▸ Problem: The material below holds a span beginning at the line with "qed (use AB in auto)" and ending at the line with "using M M0 by". Quote that span exactly, both ends included, and only that span.

▸ Data shown:
(* Let $q\in(0,1]$, $\eta\in(0,1]$, $R_0^*>0$, $m_1>0$. Assume [A12]: (i) for every $T\in\mathbb T$, $\mathbb H_T$ is almost surely thrice differentiable in $\theta$ on $B^*=\{\theta\in\Theta:|\theta-\theta^*|<R_0^*\}$; (ii) $\sup_{T}E[\|a_T\|^{m_1}|\partial_\theta\mathbb H_T(\theta^* )|^{m_1}]<\infty$; (iii) $\sup_{T}E[\|a_T\|^{2m_1}\sup_{\theta\in B^*}|\partial_\theta^2\mathbb H_T(\theta)|^{m_1}]<\infty$; (iv) $\sup_{T}E[\|a_T\|^{2m_1}\sup_{\theta\in B^*}|\partial_\theta^3\mathbb H_T(\theta)|^{m_1}]<\infty$ (suprema over $T\in\mathbb T$). Then for every $m_2>0$ there exist constants $R_0>0$ and $K>0$ such that $$c_T\Bigl(\frac{m_1m_2}{qm_1+m_2},R_0\Bigr)\le K\|a_T\|^{-\frac{\eta(2-q)m_1m_2}{qm_1+m_2}}\bigl(E[\|G_T^{(00)}\|^{m_2}]\bigr)^{\frac{qm_1}{qm_1+m_2}}$$ for every $T\in\mathbb T$ with $\|a_T\|\le1$.
   Context: Let $\Theta\subset\mathbb R^{\mathsf p}$ be a bounded open set with closure $\overline\Theta$ and $\theta^*\in\Theta$. Let $(\Omega,\mathcal F,P)$ be a probability space, $\mathbb T\subset\mathbb R_{\ge0}$ with $\sup\mathbb T=\infty$. For each $T\in\mathbb T$, $\mathbb H_T:\Omega\times\overline\Theta\to\mathbb R$ is a random field continuous in $\theta$ for every $\omega$; $\partial_\theta^k\mathbb H_T$ denotes its $k$-th derivative tensor. Penalty weights $\xi_T^j>0$ ($j=1,\dots,\mathsf p$) are (possibly random). $\mathcal J^{(0)}=\{j:\theta^*_j=0\}$, $\mathcal J^{(1)}=\{j:\theta^*_j\ne0\}$; $A^{(00)}=(A_{ij})_{i,j\in\mathcal J^{(0)}}$. $a_T=\mathrm{diag}(\alpha_T^1,\dots,\alpha_T^{\mathsf p})$ is deterministic, invertible, with $\|a_T\|\to0$ ($\|\cdot\|$ spectral norm); $\mathbb U_T=\{u:\theta^*+a_Tu\in\overline\Theta\}$. $\tilde a_T$ is diagonal with $(\tilde a_T)_{jj}=(\xi_T^j)^{-1/q}$ for $j\in\mathcal J^{(0)}$ and $\alpha_T^j$ for $j\in\mathcal J^{(1)}$; $G_T=a_T^{-1}\tilde a_T$. For $R>0$, $\mathsf c_{T,R}=\sup\frac{|\mathbb H_T(\theta^*+a_Tu)-\mathbb H_T(\theta^*+a_Tv)|}{|u-v|^q}$ over $u,v\in\mathbb U_T$, $u\ne v$, $|a_Tu|,|a_Tv|<R\|a_T\|^{1-\eta}$; for $m>0$, $c_T(m,R)=E[|\mathsf c_{T,R}|^{m}\|G_T^{(00)}\|^{qm}]$ (possibly $\infty$). *)

theory Defs
  imports "HOL-Probability.Probability"
begin

definition diagm :: "('p::finite \<Rightarrow> real) \<Rightarrow> real^'p^'p" where
  "diagm d = (\<chi> i j. if i = j then d i else 0)"

definition specnorm :: "real^'p::finite^'p \<Rightarrow> real" where
  "specnorm M = onorm (\<lambda>x. M *v x)"

text \<open>Principal submatrix indexed by J, embedded by zero padding
  (has the same spectral norm as the submatrix itself).\<close>
definition subblock :: "'p::finite set \<Rightarrow> real^'p^'p \<Rightarrow> real^'p^'p" where
  "subblock J M = (\<chi> i j. if i \<in> J \<and> j \<in> J then M $ i $ j else 0)"

text \<open>Real power of an extended nonnegative real (used for positive exponents).\<close>
definition ennpow :: "ennreal \<Rightarrow> real \<Rightarrow> ennreal" where
  "ennpow x r = (if x = \<top> then \<top> else ennreal (enn2real x powr r))"

definition pd :: "'p::finite \<Rightarrow> (real^'p \<Rightarrow> real) \<Rightarrow> real^'p \<Rightarrow> real" where
  "pd i f \<theta> = deriv (\<lambda>t. f (\<theta> + t *\<^sub>R axis i 1)) 0"

definition thrice_diff_on :: "(real^'p::finite \<Rightarrow> real) \<Rightarrow> (real^'p) set \<Rightarrow> bool" where
  "thrice_diff_on f S \<longleftrightarrow>
     (\<forall>\<theta>\<in>S. f differentiable (at \<theta>)) \<and>
     (\<forall>i. \<forall>\<theta>\<in>S. pd i f differentiable (at \<theta>)) \<and>
     (\<forall>i j. \<forall>\<theta>\<in>S. pd j (pd i f) differentiable (at \<theta>))"

definition dnorm1 :: "(real^'p::finite \<Rightarrow> real) \<Rightarrow> real^'p \<Rightarrow> real" where
  "dnorm1 f \<theta> = sqrt (\<Sum>i\<in>UNIV. (pd i f \<theta>)\<^sup>2)"

definition dnorm2 :: "(real^'p::finite \<Rightarrow> real) \<Rightarrow> real^'p \<Rightarrow> real" where
  "dnorm2 f \<theta> = sqrt (\<Sum>i\<in>UNIV. \<Sum>j\<in>UNIV. (pd j (pd i f) \<theta>)\<^sup>2)"

definition dnorm3 :: "(real^'p::finite \<Rightarrow> real) \<Rightarrow> real^'p \<Rightarrow> real" where
  "dnorm3 f \<theta> = sqrt (\<Sum>i\<in>UNIV. \<Sum>j\<in>UNIV. \<Sum>k\<in>UNIV. (pd k (pd j (pd i f)) \<theta>)\<^sup>2)"

text \<open>Hoelder-type constant c_{T,R}(omega) (value in [0,\<infinity>]).
  Arguments: field h (= H_T(omega,.)), Theta, theta*, diagonal of a_T, q, eta, R.\<close>
definition holder_const ::
  "(real^'p::finite \<Rightarrow> real) \<Rightarrow> (real^'p) set \<Rightarrow> real^'p \<Rightarrow> ('p \<Rightarrow> real)
     \<Rightarrow> real \<Rightarrow> real \<Rightarrow> real \<Rightarrow> ennreal" where
  "holder_const h Th ths al q eta R =
     (let A = diagm al; nA = specnorm A;
          U = {u. ths + A *v u \<in> closure Th} in
      SUP (u, v) \<in> {(u, v). u \<in> U \<and> v \<in> U \<and> u \<noteq> v \<and>
                      norm (A *v u) < R * nA powr (1 - eta) \<and>
                      norm (A *v v) < R * nA powr (1 - eta)}.
        ennreal (\<bar>h (ths + A *v u) - h (ths + A *v v)\<bar> / norm (u - v) powr q))"

text \<open>G_T^{(00)}(omega): the (J0,J0) block of a_T^{-1} tilde a_T.\<close>
definition G00 :: "real^'p::finite \<Rightarrow> ('p \<Rightarrow> real) \<Rightarrow> ('p \<Rightarrow> real) \<Rightarrow> real \<Rightarrow> real^'p^'p" where
  "G00 ths al xi q =
     (let J0 = {j. ths $ j = 0};
          At = diagm (\<lambda>j. if j \<in> J0 then xi j powr (- 1 / q) else al j)
      in subblock J0 (matrix_inv (diagm al) ** At))"

end

theory Submission
  imports Defs
begin

(*
  Where H_T is smooth, the Hessian bound over B* shows that the gradient on the ball of radius
  rho = R0 |a_T|^(1 - eta) around theta* is at most |dH_T| at theta* plus a multiple of
  rho sup |d^2 H_T|, so u |-> H_T(theta* + a_T u) is Lipschitz there with |a_T| times that
  constant.  Interpolating between this Lipschitz bound and the trivial bound by the diameter
  2 rho gives
    c_{T,R0} <= C |a_T|^(-eta (2 - q)) (|a_T| |dH_T| + |a_T|^2 sup |d^2 H_T|).
  Hoelder's inequality with the conjugate weights m2/(q m1 + m2) and q m1/(q m1 + m2) splits
  E[c^m |G^(00)|^(q m)] into powers of E[c^m1] and of E[|G^(00)|^m2], and conditions (ii) and
  (iii) of [A12] bound E[c^m1] uniformly in T.
*)

lemma diagm_mult: "diagm a ** diagm b = diagm (\<lambda>j. a j * b j)"
  unfolding diagm_def matrix_matrix_mult_def vec_eq_iff
  by (auto simp: if_distrib[of "\<lambda>x. x * _"] cong: if_cong)

lemma diagm_one: "diagm (\<lambda>j. 1) = mat 1"
  by (simp add: diagm_def mat_def)

lemma matrix_inv_diagm:
  assumes "\<forall>j. d j \<noteq> 0"
  shows "matrix_inv (diagm d) = diagm (\<lambda>j. inverse (d j))"
proof -
  let ?B = "diagm (\<lambda>j. inverse (d j))"
  have AB: "diagm d ** ?B = mat 1" "?B ** diagm d = mat 1"
    using assms by (simp_all add: diagm_mult diagm_one[symmetric])
  show ?thesis unfolding matrix_inv_def
  proof (rule someI2[where a="?B"])
    fix A' assume "diagm d ** A' = mat 1 \<and> A' ** diagm d = mat 1"
    then have "A' = A' ** (diagm d ** ?B)" "A' ** diagm d = mat 1" using AB by auto
    then show "A' = ?B" by (metis matrix_mul_assoc matrix_mul_lid)
  qed (use AB in auto)
qed

lemma diagm_mult_vec_nth: "(diagm d *v x) $ i = d i * x $ i"
  unfolding diagm_def matrix_vector_mult_def
  by (auto simp: if_distrib[of "\<lambda>x. x * _"] cong: if_cong)

lemma specnorm_diagm: "specnorm (diagm d) = Max (range (\<lambda>j. \<bar>d j\<bar>))"
proof (rule antisym)
  let ?M = "Max (range (\<lambda>j. \<bar>d j\<bar>))"
  have M: "\<bar>d j\<bar> \<le> ?M" for j by simp
  then have M0: "0 \<le> ?M" by (meson abs_ge_zero order_trans)
  show "specnorm (diagm d) \<le> ?M" unfolding specnorm_def
  proof (rule onorm_le)
    fix x :: "real^'a"
    have "(norm (diagm d *v x))\<^sup>2 = (\<Sum>i\<in>UNIV. (d i)\<^sup>2 * (x $ i)\<^sup>2)"
      by (simp add: norm_vec_def L2_set_def sum_nonneg diagm_mult_vec_nth power_mult_distrib)
    also have "\<dots> \<le> (\<Sum>i\<in>UNIV. ?M\<^sup>2 * (x $ i)\<^sup>2)"
      using M M0 by (intro sum_mono mult_right_mono) (auto simp: abs_le_square_iff[symmetric])
    also have "\<dots> = (?M * norm x)\<^sup>2"
      by (simp add: norm_vec_def L2_set_def sum_nonneg power_mult_distrib sum_distrib_left)
    finally show "norm (diagm d *v x) \<le> ?M * norm x"
      by (rule power2_le_imp_le) (use M0 in simp)
  qed
  have "?M \<in> range (\<lambda>j. \<bar>d j\<bar>)" by (rule Max_in) auto
  then obtain j where j: "?M = \<bar>d j\<bar>" by blast
  have "diagm d *v axis j 1 = d j *\<^sub>R axis j 1"
    by (simp add: vec_eq_iff diagm_mult_vec_nth axis_def)
  then show "?M \<le> specnorm (diagm d)" unfolding specnorm_def
    using onorm[OF matrix_vector_mul_bounded_linear, of "diagm d" "axis j 1"] j by simp
qed

lemma specnorm_diagm_pos:
  assumes "\<forall>j. d j \<noteq> 0"
  shows "0 < specnorm (diagm d)"
proof -
  have "\<bar>d j\<bar> \<le> specnorm (diagm d)" for j
    unfolding specnorm_diagm by simp
  then show ?thesis
    using assms zero_less_abs_iff order_less_le_trans by metis
qed

lemma norm_mult_vec_le_specnorm: "norm (M *v x) \<le> specnorm M * norm x"
  unfolding specnorm_def using onorm[OF matrix_vector_mul_bounded_linear] by blast

lemma G00_eq_diagm:
  assumes "\<forall>j. al j \<noteq> 0"
  shows "G00 ths al xi q = diagm (\<lambda>j. if ths $ j = 0 then xi j powr (- 1 / q) / al j else 0)"
proof -
  have "subblock J (diagm d) = diagm (\<lambda>j. if j \<in> J then d j else 0)" for J and d :: "'a \<Rightarrow> real"
    by (auto simp: subblock_def diagm_def vec_eq_iff)
  then show ?thesis unfolding G00_def Let_def using assms
    by (simp add: matrix_inv_diagm diagm_mult divide_inverse mult.commute cong: if_cong)
qed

▸ Task solution:
  qed (use AB in auto)
qed

lemma diagm_mult_vec_nth: "(diagm d *v x) $ i = d i * x $ i"
  unfolding diagm_def matrix_vector_mult_def
  by (auto simp: if_distrib[of "\<lambda>x. x * _"] cong: if_cong)

lemma specnorm_diagm: "specnorm (diagm d) = Max (range (\<lambda>j. \<bar>d j\<bar>))"
proof (rule antisym)
  let ?M = "Max (range (\<lambda>j. \<bar>d j\<bar>))"
  have M: "\<bar>d j\<bar> \<le> ?M" for j by simp
  then have M0: "0 \<le> ?M" by (meson abs_ge_zero order_trans)
  show "specnorm (diagm d) \<le> ?M" unfolding specnorm_def
  proof (rule onorm_le)
    fix x :: "real^'a"
    have "(norm (diagm d *v x))\<^sup>2 = (\<Sum>i\<in>UNIV. (d i)\<^sup>2 * (x $ i)\<^sup>2)"
      by (simp add: norm_vec_def L2_set_def sum_nonneg diagm_mult_vec_nth power_mult_distrib)
    also have "\<dots> \<le> (\<Sum>i\<in>UNIV. ?M\<^sup>2 * (x $ i)\<^sup>2)"
      using M M0 by (intro sum_mono mult_right_mono) (auto simp: abs_le_square_iff[symmetric])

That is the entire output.